The discussion at the Feb. 19 meeting lingered on whether stakeholders would have voting power over which scenarios would be included in the Reliability Needs Assessment.

“It looks like NYISO is developing all the scenarios without market input. Results are posted for consideration of feedback which NYISO may ignore, which may actually lead to way overbuilding the system,” said Martin Paszek, system and performance planner for Consolidated Edison. “Why not give the market a vote on what scenarios go forward?”

This question seemed to confuse Lin, who said stakeholders would be able to comment on scenarios and base case assumptions during the process. Zackary Smith, vice president of system planning for NYISO, also stepped in to reinforce that stakeholders would be involved at the start of base case development through the process.

“Ultimately this will result in the same vote that there is today in the process,” Smith said. “We document all of that in the Reliability Needs Assessment report, which goes in front of the Operating Committee and Management Committee for two separate stakeholder votes.”

Kevin Lang, representing New York City, said this missed Paszek’s point that stakeholders should have input on the scenario development process. Smith said stakeholders would be encouraged to provide feedback under the proposed process.

“The point is that we are giving NYISO all the power in this case,” Paszek said. “There is a difference between feedback and … having some real market input. There’s a huge difference.”

Another stakeholder asked whether the ISO would be able to provide calculated probabilities of the likelihood of each scenario. Lin said given the number of inputs into the calculation, this was not feasible with NYISO’s current workflow.

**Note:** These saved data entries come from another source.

text \<open>
  A buyer of value x passes the threshold test with probability a(x) (1 above tau, theta at tau),
  independently of everything else; let q_j = E a(v_j).  A passing buyer i arriving at time y
  wins iff no other buyer passes and arrives earlier, which has probability
  prod_{j ~= i} (1 - q_j y).  So the algorithm earns sum_i E[v_i a(v_i)] W_i with
  W_i = int_0^1 prod_{j ~= i} (1 - q_j y) dy, and sum_i q_i W_i = 1 - prod_j (1 - q_j) is an
  instance of the fundamental theorem of calculus.

  Choose tau and theta with prod_j (1 - q_j) = 1/e (or tau = 0 if this product is already at
  least 1/e at tau = 0).  Then W_i >= int_0^1 e^-y dy = 1 - 1/e by convexity, and writing
  E[v_i a(v_i)] = tau q_i + E(v_i - tau)^+ the algorithm earns at least
  (1 - 1/e) (tau + sum_i E(v_i - tau)^+).  This dominates (1 - 1/e) sum_i E v_i, because
  v_i <= tau [v_i > 0] + (v_i - tau)^+ and sum_i Pr[v_i > 0] <= 1.
\<close>

lemma triple_product_nn_integral:
  assumes "sigma_finite_measure A" "sigma_finite_measure B" "sigma_finite_measure C"
    and F: "(\<lambda>x. F (fst x) (fst (snd x)) (snd (snd x))) \<in> borel_measurable (A \<Otimes>\<^sub>M (B \<Otimes>\<^sub>M C))"
  shows "(\<integral>\<^sup>+\<omega>. F (fst \<omega>) (fst (snd \<omega>)) (snd (snd \<omega>)) \<partial>(A \<Otimes>\<^sub>M (B \<Otimes>\<^sub>M C)))
          = (\<integral>\<^sup>+b. \<integral>\<^sup>+a. \<integral>\<^sup>+c. F a b c \<partial>C \<partial>A \<partial>B)"
proof -
  interpret A: sigma_finite_measure A by fact
  interpret C: sigma_finite_measure C by fact
  interpret BC: pair_sigma_finite B C using assms by (simp add: pair_sigma_finite_def)
  interpret AB: pair_sigma_finite A B using assms by (simp add: pair_sigma_finite_def)
  have F': "(\<lambda>x. F (fst (fst x)) (snd (fst x)) (snd x)) \<in> borel_measurable ((A \<Otimes>\<^sub>M B) \<Otimes>\<^sub>M C)"
    using measurable_comp[of "\<lambda>x. (fst (fst x), snd (fst x), snd x)", OF _ F] by (simp add: comp_def)
  have "(\<integral>\<^sup>+\<omega>. F (fst \<omega>) (fst (snd \<omega>)) (snd (snd \<omega>)) \<partial>(A \<Otimes>\<^sub>M (B \<Otimes>\<^sub>M C)))
      = (\<integral>\<^sup>+a. \<integral>\<^sup>+bc. F a (fst bc) (snd bc) \<partial>(B \<Otimes>\<^sub>M C) \<partial>A)"
    using BC.nn_integral_fst[OF F] by simp
  also have "\<dots> = (\<integral>\<^sup>+a. \<integral>\<^sup>+b. \<integral>\<^sup>+c. F a b c \<partial>C \<partial>B \<partial>A)"
  proof (rule nn_integral_cong)
    fix a assume "a \<in> space A"
    from C.nn_integral_fst[OF measurable_Pair2[OF F this]]
    show "(\<integral>\<^sup>+bc. F a (fst bc) (snd bc) \<partial>(B \<Otimes>\<^sub>M C)) = (\<integral>\<^sup>+b. \<integral>\<^sup>+c. F a b c \<partial>C \<partial>B)"
      by simp
  qed
  also have "\<dots> = (\<integral>\<^sup>+b. \<integral>\<^sup>+a. \<integral>\<^sup>+c. F a b c \<partial>C \<partial>A \<partial>B)"
    using C.borel_measurable_nn_integral_fst[OF F'] by (intro AB.Fubini'[symmetric]) (simp add: case_prod_beta')
  finally show ?thesis .
qed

“We’re talking about the things that keep me up at night,” Lin said. “With large loads, for example, it’s almost impossible to say if this load is coming online with 50% likelihood or 20%. … There is very little transparency, not because NYISO isn’t trying, but because that’s just how the load centers are.”

Lin detailed how NYISO would define and consider the magnitude, urgency, severity of impact, number of scenarios and duration over the planning horizon for determining whether something constituted a reliability violation.

“It’s important to us moving ahead with any scenario planning that it is not in any way, shape or form turned into some formulaic default,” Smith said. “I want us to take a balanced approach to considering the uncertainty around demand forecasts, around generation mix, and everything else that goes into our planning.”